Дни, проведенные в карцере, сделали меня молчаливым. Тело мое, как и душа, превратилось в безжизненный сосуд, в котором укрылось мое одиночество. Только в глубине сердца, на самом его дне, притаилась вера (где-то она теперь?), подчас робкая, но всегда живая, всегда моя.
В одиночке не было ни рассветов, ни сумерек; три шага от двери до окна, чуть больше шага от стены до стены; мое тело едва могло там поместиться. И чувствительней, чем струны арфы или стебель цветка, содрогалось оно от струй холодного, тяжкого воздуха, которым тянуло из коридора.
Они записали все данные, взяли у меня отпечатки пальцев и спросили, что я сказал старику, когда подошел к нему в Люксембургском саду.
— Я хотел узнать, как пройти на улицу Эстрапад.
— Зачем?!
— Там живет мой земляк.
— Номер дома?
— Не знаю. Я шел наугад. Думал справиться…
— У кого?!
— В какой-нибудь лавке… Лавочники всегда знают тех, кто живет на их улице.
— Ты лжешь… Не воображай, пожалуйста, что мы станем с тобой возиться. На войне с политическими не возятся. Ты будешь отвечать?
— Я ответил на ваши вопросы.
Другой полицейский — он все время ходил у меня за спиной, чтобы не дать мне сосредоточиться, — грубо встряхнул меня за плечи и ударил по голове.
— У нас много способов заставить тебя разговориться, голубчик. Очень много!

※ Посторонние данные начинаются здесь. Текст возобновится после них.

(* Let $R$ be a $*$-ring. Then $R$ is strongly $J$-$*$-clean if and only if (1) $R$ is strongly $*$-clean, and (2) for every maximal ideal $M$ of $R$, $1$ is not the sum of two units in $R/M$.
   Context: All rings are associative with identity. A $*$-ring is a ring $R$ with an involution $*$, i.e. a map $a\mapsto a^*$ with $(a+b)^*=a^*+b^*$, $(ab)^*=b^*a^*$, $(a^* )^*=a$. $U(R)$ denotes the group of units and $J(R)$ the Jacobson radical of $R$. A projection is an element $e$ with $e^2=e=e^*$. $R$ is strongly $J$-$*$-clean if every $a\in R$ can be written $a=e+u$ with $e$ a projection, $u\in J(R)$ and $ae=ea$. $R$ is strongly $*$-clean if every $a\in R$ can be written $a=e+u$ with $e$ a projection, $u\in U(R)$ and $eu=ue$. Maximal ideals are two-sided. *)

theory Defs
  imports Main
begin

text \<open>Rings are modelled by the type class ring_1 (associative, with identity,
not necessarily commutative); the involution is an explicit function.\<close>

definition star_ring :: "('a::ring_1 \<Rightarrow> 'a) \<Rightarrow> bool" where
  "star_ring s \<longleftrightarrow> (\<forall>a b. s (a + b) = s a + s b \<and> s (a * b) = s b * s a \<and> s (s a) = a)"

definition ring_units :: "'a::ring_1 set" where
  "ring_units = {u. \<exists>v. u * v = 1 \<and> v * u = 1}"

definition left_ideal :: "'a::ring_1 set \<Rightarrow> bool" where
  "left_ideal I \<longleftrightarrow> 0 \<in> I \<and> (\<forall>a\<in>I. \<forall>b\<in>I. a + b \<in> I) \<and> (\<forall>a\<in>I. - a \<in> I)
     \<and> (\<forall>r a. a \<in> I \<longrightarrow> r * a \<in> I)"

definition two_sided_ideal :: "'a::ring_1 set \<Rightarrow> bool" where
  "two_sided_ideal I \<longleftrightarrow> left_ideal I \<and> (\<forall>r a. a \<in> I \<longrightarrow> a * r \<in> I)"

definition maximal_left_ideal :: "'a::ring_1 set \<Rightarrow> bool" where
  "maximal_left_ideal I \<longleftrightarrow> left_ideal I \<and> I \<noteq> UNIV
     \<and> (\<forall>K. left_ideal K \<and> I \<subseteq> K \<and> K \<noteq> UNIV \<longrightarrow> K = I)"

definition maximal_ideal :: "'a::ring_1 set \<Rightarrow> bool" where
  "maximal_ideal M \<longleftrightarrow> two_sided_ideal M \<and> M \<noteq> UNIV
     \<and> (\<forall>K. two_sided_ideal K \<and> M \<subseteq> K \<and> K \<noteq> UNIV \<longrightarrow> K = M)"

definition jacobson :: "'a::ring_1 set" where
  "jacobson = \<Inter> {I. maximal_left_ideal I}"

definition projection :: "('a::ring_1 \<Rightarrow> 'a) \<Rightarrow> 'a \<Rightarrow> bool" where
  "projection s e \<longleftrightarrow> e * e = e \<and> s e = e"

definition strongly_J_star_clean :: "('a::ring_1 \<Rightarrow> 'a) \<Rightarrow> bool" where
  "strongly_J_star_clean s \<longleftrightarrow>
     (\<forall>a. \<exists>e u. projection s e \<and> u \<in> jacobson \<and> a = e + u \<and> a * e = e * a)"

definition strongly_star_clean :: "('a::ring_1 \<Rightarrow> 'a) \<Rightarrow> bool" where
  "strongly_star_clean s \<longleftrightarrow>
     (\<forall>a. \<exists>e u. projection s e \<and> u \<in> ring_units \<and> a = e + u \<and> e * u = u * e)"

text \<open>The coset u + M is a unit of the quotient ring R/M (unfolded).\<close>
definition unit_mod :: "'a::ring_1 set \<Rightarrow> 'a \<Rightarrow> bool" where
  "unit_mod M u \<longleftrightarrow> (\<exists>w. u * w - 1 \<in> M \<and> w * u - 1 \<in> M)"

text \<open>In R/M, 1 is the sum of two units: 1 + M = (u + M) + (v + M) with both cosets units.\<close>
definition one_sum_two_units_mod :: "'a::ring_1 set \<Rightarrow> bool" where
  "one_sum_two_units_mod M \<longleftrightarrow> (\<exists>u v. unit_mod M u \<and> unit_mod M v \<and> 1 - (u + v) \<in> M)"

end

theory Submission
  imports Defs
begin

text \<open>
  If \<open>R\<close> is strongly J-*-clean, writing \<open>x = e + j\<close> shows \<open>x\<^sup>2 - x \<in> J(R)\<close>; since \<open>J(R)\<close> lies in
  every maximal ideal \<open>M\<close>, the ring \<open>R/M\<close> is Boolean, so its only unit is \<open>1\<close> and \<open>1 + 1 = 0 \<noteq> 1\<close>.
  Writing \<open>e + x = (1 - e) + (2e - 1)(1 + (2e - 1)x)\<close> turns a J-decomposition into a unit
  decomposition and back, because \<open>2e - 1\<close> is an involution.

  Conversely, in a strongly *-clean ring every idempotent \<open>f = e + u\<close> satisfies \<open>f = 1 - e\<close> (the
  unit \<open>f - e\<close> has \<open>(f - e)\<^sup>3 = f - e\<close>), so all idempotents are projections, and in a *-ring this
  makes them central. For a maximal left ideal \<open>I\<close>, the largest two-sided ideal \<open>P\<close> inside \<open>I\<close> is
  then a maximal ideal and every \<open>x \<notin> I\<close> is a unit modulo \<open>P\<close>. If a unit \<open>u\<close> had \<open>1 + u \<notin> I\<close>,
  then \<open>1 = (1 + u) + (-u)\<close> would be a sum of two units in \<open>R/P\<close>; hence \<open>1 + u \<in> J(R)\<close> for every
  unit \<open>u\<close>.
\<close>

lemma left_ideal_zero: "left_ideal I \<Longrightarrow> 0 \<in> I"
  unfolding left_ideal_def by blast

lemma left_ideal_add: "left_ideal I \<Longrightarrow> a \<in> I \<Longrightarrow> b \<in> I \<Longrightarrow> a + b \<in> I"
  unfolding left_ideal_def by blast

lemma left_ideal_uminus: "left_ideal I \<Longrightarrow> a \<in> I \<Longrightarrow> - a \<in> I"
  unfolding left_ideal_def by blast

lemma left_ideal_diff: "left_ideal I \<Longrightarrow> a \<in> I \<Longrightarrow> b \<in> I \<Longrightarrow> a - b \<in> I"
  using left_ideal_add[of I a "- b"] left_ideal_uminus[of I b] by simp

lemma left_ideal_mult_left: "left_ideal I \<Longrightarrow> a \<in> I \<Longrightarrow> r * a \<in> I"
  unfolding left_ideal_def by blast

lemma two_sided_ideal_imp_left_ideal: "two_sided_ideal I \<Longrightarrow> left_ideal I"
  unfolding two_sided_ideal_def by blast

lemma two_sided_ideal_mult_right: "two_sided_ideal I \<Longrightarrow> a \<in> I \<Longrightarrow> a * r \<in> I"
  unfolding two_sided_ideal_def by blast

lemma one_ring_units [simp]: "1 \<in> ring_units"
  unfolding ring_units_def by auto

lemma ring_units_mult: "u \<in> ring_units \<Longrightarrow> v \<in> ring_units \<Longrightarrow> u * v \<in> ring_units"
proof -
  assume "u \<in> ring_units" "v \<in> ring_units"
  then obtain u' v' where "u * u' = 1" "u' * u = 1" "v * v' = 1" "v' * v = 1"
    unfolding ring_units_def by blast
  then have "(u * v) * (v' * u') = 1" "(v' * u') * (u * v) = 1"
    by (metis mult.assoc mult_1_right)+
  then show ?thesis
    unfolding ring_units_def by blast
qed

— Ты испанец? — спросил тот, что сидел за письменным столом.
— Португалец.
— Пари держу, что ты был в Интернациональных бригадах!
— Нет, не был.
— Но уже сидел?
— Тоже нет.
— Что-то не верится, мой милый. Ты стреляный воробей, — возразил тот, что сидел напротив. — Отвечаешь коротко. Запутаться боишься? Знаем мы вашу тактику… Тебе же будет хуже: выведешь нас из терпения, так мы наберем номер вот по этому телефону и передадим тебя гестапо. Знаешь, что такое гестапо?
— Вся Европа это слишком хорошо знает.
На какой-то миг я пожалел об этих словах и понурил голову. Следователи молчали. Кажется, они переглянулись: хлопнула дверь, и я догадался, что «злой» вышел.
В каждой полиции есть «злой» и «добрый» полицейский, они меняются ролями в зависимости от условий и от того, с кем имеют дело. Такая система часто себя оправдывает.
Сидевший передо мной полицейский вытащил сигарету, затянулся два раза и отошел к окну. Он смотрел на улицу и говорил. Тягуче, вкрадчиво, почти дружелюбно:
— Вы думаете, нам это нравится? Ошибаетесь, работенка не из приятных. А вот приходится этим заниматься, чтобы защищать Францию. Вы согласны, что Петэн защищает Францию, да и не только Францию, но и Европу?
— Я в чужой стране и воздерживаюсь говорить на подобные темы.
Он обернулся и метнул на меня злобный взгляд, но сдержался.
— Ну что ж, этим много сказано. Я не раз слышал такой ответ. Придется взять его на заметку, хотя, будь то в моей власти, я бы вас отпустил. Вы должны мне помочь. Один я ничего не могу сделать. — Он подошел ко мне, его подбородок почти касался моего плеча. — Достаточно лишь подтвердить то, что мы и так уже знаем, и дело с концом. Старик все равно засыпался. Бумаги, которые он должен был тебе передать, остались у него. Тебе крупно повезло, а ты еще хорохоришься. У моего напарника терпение далеко не ангельское, не то что у меня. В этом ты убедился. Хочешь, я его позову?
Я пожал плечами.
— Подумай хорошенько… Не будь идиотом, никто тебе спасибо не скажет. Старик выложит всю подноготную, это ясно. В любую минуту ты можешь распроститься с жизнью… Если он заговорит первым, мой напарник потребует, чтобы тебя привлекли к суду, и тогда каюк. Подружка твоя все глаза проплачет… И найдет другого, можешь не сомневаться. Когда женщина в расстроенных чувствах, ей нужен утешитель… Они ведь существа слабые, падкие на ласку. — Он сидел на стуле, повернувшись ко мне, и болтал ногами. Но, как ни стараюсь, не могу вспомнить его лица. — И как-нибудь ночью… А ночи бывают холодные!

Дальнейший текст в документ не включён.